PS: We need to make control plane nodes schedulable (see step 4).
- Make sure no taints are blocking the scheduling of multus validation pods on worker nodes as the daemon set of the multus validation tool can't be edited.
oc adm taint nodes <node-name> node-role.kubernetes.io/infra:NoSchedule-
- Check the scheduler and make sure the settings match the desired behavior of the validation tool.
oc patch scheduler cluster --type=merge -p '{"spec": {"mastersSchedulable": true}}'
$ oc get schedulers.config.openshift.io -oyaml
apiVersion: v1
items:
- apiVersion: config.openshift.io/v1
kind: Scheduler
metadata:
name: cluster
spec:
defaultNodeSelector: node-role.kubernetes.io/worker
mastersSchedulable: true
policy:
name: ""
status: {}
kind: List
metadata:
resourceVersion: ""
In some cases, the masters are already schedulable and thus they have already the worker role.
$ oc get scheduler cluster -oyaml
apiVersion: config.openshift.io/v1
kind: Scheduler
metadata:
creationTimestamp: "2024-05-14T13:16:08Z"
generation: 2
name: cluster
resourceVersion: "278519"
uid: 443ddeea-d033-4344-8225-b4217a40ff50
spec:
mastersSchedulable: true
policy:
name: ""
status: {}
$
- As the multus validation tool will generate a large number of test pods, the maximum number of pods per node should be raised from the default number of 250 to 500. This can be done by adding kubelet configuration to worker nodes. Please note, this will reboot all the nodes that match the 'matchLabels'.
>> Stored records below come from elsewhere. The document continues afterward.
(* Let $n\ge1$, $\alpha>0$, and let $\ell(z,w)=e^{\alpha\langle z,w\rangle}$ for $z,w\in\mathbb{C}^n$ be the reproducing kernel of the Bargmann–Fock space $F^2_\alpha=\{f \text{ entire on } \mathbb{C}^n: \int_{\mathbb{C}^n}|f(z)|^2e^{-\alpha|z|^2}\,dm(z)<\infty\}$ ($dm$ Lebesgue measure). Then $\ell$ has the automatic separation property.
   Context: For a kernel $\ell$ with reproducing kernel Hilbert space $\mathcal{H}_\ell$, $\ell_w=\ell(\cdot,w)$, $\hat\ell_w=\ell_w/\|\ell_w\|$ and $d_\ell(z,w)=\sqrt{1-|\langle\hat\ell_z,\hat\ell_w\rangle|^2}$. A sequence is weakly separated by $\ell$ if $d_\ell(\lambda_i,\lambda_j)\ge\epsilon>0$ for all $i\ne j$; for $m\ge2$ it is $m$-weakly separated by $\ell$ if there is $\epsilon>0$ such that for every $m$-point subset $\{\mu_1,\dots,\mu_m\}$ of it, $\mathrm{dist}(\hat\ell_{\mu_1},\mathrm{span}\{\hat\ell_{\mu_2},\dots,\hat\ell_{\mu_m}\})\ge\epsilon$. $\ell$ has the automatic separation property if every sequence weakly separated by $\ell$ is $m$-weakly separated by $\ell$ for every $m\ge3$. *)

theory Defs
  imports "HOL-Analysis.Analysis"
begin

definition cinner :: "complex ^ 'n \<Rightarrow> complex ^ 'n \<Rightarrow> complex" where
  "cinner z w = (\<Sum>i\<in>UNIV. z $ i * cnj (w $ i))"

definition fock_kernel :: "real \<Rightarrow> complex ^ 'n \<Rightarrow> complex ^ 'n \<Rightarrow> complex" where
  "fock_kernel \<alpha> z w = exp (complex_of_real \<alpha> * cinner z w)"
apiVersion: machineconfiguration.openshift.io/v1
kind: KubeletConfig
metadata:
name: set-max-pods
spec:
machineConfigPoolSelector:
matchLabels:
pools.operator.machineconfiguration.openshift.io/worker: ""
kubeletConfig:
maxPods: 500
This will trigger a rolling reboot for the master nodes. The number of worker nodes rebooting at the same time depends on the maxUnavailable value configured in the worker machine config pool.
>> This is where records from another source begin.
(* Let $d,n\ge 2$, let $f$ be a stable update function, let $\mathcal D$ be an interaction distribution on $\Omega$ with full support, and let $\mathcal U^{(0)}$ be a strictly convex configuration of $n$ opinions in $\mathbb S^{d-1}$. Then, almost surely, $\mathcal U^{(t)}$ polarizes as $t\to\infty$.
   Context: Model: opinions are unit vectors in $\mathbb R^d$; a configuration is an $n$-tuple $\mathcal U=(\vec u_1,\dots,\vec u_n)$ and $A_{ij}=\langle\vec u_i,\vec u_j\rangle$. Update function $f:[-1,1]\to\mathbb R$. $\Omega=\{(i,j)\in[n]^2:i\ne j\}$, $\mathcal D$ a probability distribution on $\Omega$ (full support: every element has positive probability), $I^{(1)},I^{(2)},\dots$ i.i.d. with law $\mathcal D$; if the interaction at step $t$ is $(i,j)$ then $\vec u_k^{(t+1)}=\vec u_k^{(t)}$ for $k\ne i$ and $\vec u_i^{(t+1)}=\vec w/\|\vec w\|$ with $\vec w=\vec u_i^{(t)}+f(A^{(t)}_{ij})\vec u_j^{(t)}$. $f$ is stable if continuous and $\operatorname{sign}f(A)=\operatorname{sign}A$ for all $A\in[-1,1]$. Strictly convex: there exist $b_1,\dots,b_n\in\{\pm1\}$ with $\langle b_i\vec u_i,b_j\vec u_j\rangle>0$ for all $i,j$. Polarized: $\vec u_i=\pm\vec u_j$ for all $i,j$; $\mathcal U^{(t)}$ polarizes if $\lim_t\mathcal U^{(t)}$ exists and is polarized. *)

theory Defs
  imports "HOL-Analysis.Analysis" "HOL-Probability.Probability"
begin

type_synonym ('d) config = "nat \<Rightarrow> real ^ ('d::finite)"

definition stable :: "(real \<Rightarrow> real) \<Rightarrow> bool" where
  "stable f \<longleftrightarrow> continuous_on {-1..1} f \<and> (\<forall>A\<in>{-1..1}. sgn (f A) = sgn A)"

definition Omega :: "nat \<Rightarrow> (nat \<times> nat) set" where
  "Omega n = {(i,j). i < n \<and> j < n \<and> i \<noteq> j}"

definition unit_config :: "nat \<Rightarrow> ('d::finite) config \<Rightarrow> bool" where
  "unit_config n U \<longleftrightarrow> (\<forall>i<n. norm (U i) = 1)"

definition strictly_convex :: "nat \<Rightarrow> ('d::finite) config \<Rightarrow> bool" where
  "strictly_convex n U \<longleftrightarrow>
     (\<exists>b::nat \<Rightarrow> real. (\<forall>i<n. b i \<in> {-1, 1}) \<and>
        (\<forall>i<n. \<forall>j<n. inner (b i *\<^sub>R U i) (b j *\<^sub>R U j) > 0))"

definition polarized :: "nat \<Rightarrow> ('d::finite) config \<Rightarrow> bool" where
  "polarized n U \<longleftrightarrow> (\<forall>i<n. \<forall>j<n. U i = U j \<or> U i = - U j)"

definition update :: "(real \<Rightarrow> real) \<Rightarrow> ('d::finite) config \<Rightarrow> nat \<times> nat \<Rightarrow> ('d::finite) config" where
  "update f U p = (case p of (i, j) \<Rightarrow>
     (let w = U i + f (inner (U i) (U j)) *\<^sub>R U j in U(i := (1 / norm w) *\<^sub>R w)))"

text \<open>Trajectory driven by the sequence of interactions I^(1), I^(2), ... (stream entries 0,1,...).\<close>
primrec traj :: "(real \<Rightarrow> real) \<Rightarrow> ('d::finite) config \<Rightarrow> (nat \<times> nat) stream \<Rightarrow> nat \<Rightarrow> ('d::finite) config" where
  "traj f U0 \<omega> 0 = U0"
| "traj f U0 \<omega> (Suc t) = update f (traj f U0 \<omega> t) (\<omega> !! t)"

definition polarizes :: "nat \<Rightarrow> (nat \<Rightarrow> ('d::finite) config) \<Rightarrow> bool" where
  "polarizes n X \<longleftrightarrow>
     (\<exists>L. (\<forall>i<n. (\<lambda>t. X t i) \<longlonglongrightarrow> L i) \<and> polarized n L)"

end

theory Submission
  imports Defs
begin

(* Flip every opinion by the sign b_i given by strict convexity, so that all pairwise inner
   products of the oriented opinions b_i u_i are at least some m0 > 0. By continuity and the
   sign condition, f then pushes u_i towards b_i b_j u_j with a weight c >= delta > 0, and the
   normalized vector u_i + c u_j stays in every cap {v. <v,z> >= mu} (mu >= 0) that contains
   u_i and u_j. Hence alignment at level mu >= m0, and every such cap containing all oriented
   opinions, is invariant. Letting each agent i >= 1 interact r times in a row with agent 0
   divides 1 - <u_i, u_0> by (1 + delta)^r >= 8, so by the quasi-triangle inequality for
   1 - <x, y> such a block halves the defect 1 - mu. Almost surely this block occurs infinitely
   often, so mu tends to 1; invariance of the caps then makes every oriented opinion a Cauchy
   sequence, and all oriented limits coincide. *)

lemma inner_self_unit: "norm (x::'a::real_inner) = 1 \<Longrightarrow> inner x x = 1"
  by (metis power2_norm_eq_inner power_one)

lemma norm_diff_unit_sq:
  fixes x y :: "'a::real_inner"
  assumes "norm x = 1" "norm y = 1"
  shows "(norm (x - y))\<^sup>2 = 2 - 2 * inner x y"
  using assms by (simp add: power2_norm_eq_inner inner_diff_left inner_diff_right
      inner_commute inner_self_unit)

lemma norm_diff_le_of_inner_ge:
  fixes x y :: "'a::real_inner"
  assumes "norm x = 1" "norm y = 1" "0 \<le> e" "1 - e\<^sup>2 / 2 \<le> inner x y"
  shows "norm (x - y) \<le> e"
proof -
  have "(norm (x - y))\<^sup>2 \<le> e\<^sup>2" using norm_diff_unit_sq[OF assms(1,2)] assms(4) by simp
  thus ?thesis using assms(3) by (simp add: power2_le_iff_abs_le)
qed

lemma one_minus_inner_triangle:
  fixes x y z :: "'a::real_inner"
  assumes "norm x = 1" "norm y = 1" "norm z = 1"
  shows "1 - inner x z \<le> 2 * (1 - inner x y) + 2 * (1 - inner y z)"
proof -
  have "(norm (x - z))\<^sup>2 \<le> (norm (x - y) + norm (y - z))\<^sup>2"
    using norm_triangle_ineq[of "x - y" "y - z"] by (simp add: power_mono)
  also have "\<dots> \<le> 2 * (norm (x - y))\<^sup>2 + 2 * (norm (y - z))\<^sup>2"
    using sum_squares_bound[of "norm (x - y)" "norm (y - z)"] by (simp add: power2_eq_square algebra_simps)
  finally show ?thesis
    using norm_diff_unit_sq[OF assms(1,3)] norm_diff_unit_sq[OF assms(1,2)]
      norm_diff_unit_sq[OF assms(2,3)] by simp
qed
- If not installed, make sure that the NMState Operator is deployed in your cluster.
$ oc -n openshift-nmstate wait --for=jsonpath='{.status.state}'=AtLatestKnown subscription/kubernetes-nmstate-operator --timeout=300s
subscription.operators.coreos.com/kubernetes-nmstate-operator condition met
- The multus-validation-test-web-server pod requires to be scheduled on one of the workers, it needs to have connectivity to both odf-private and odf-public NADs. By default, the worker nodes are only connected to the odf-public as the clients only connect to the odf-public. Only the infra nodes (where storage is running) connect to both odf-cluster and odf-public.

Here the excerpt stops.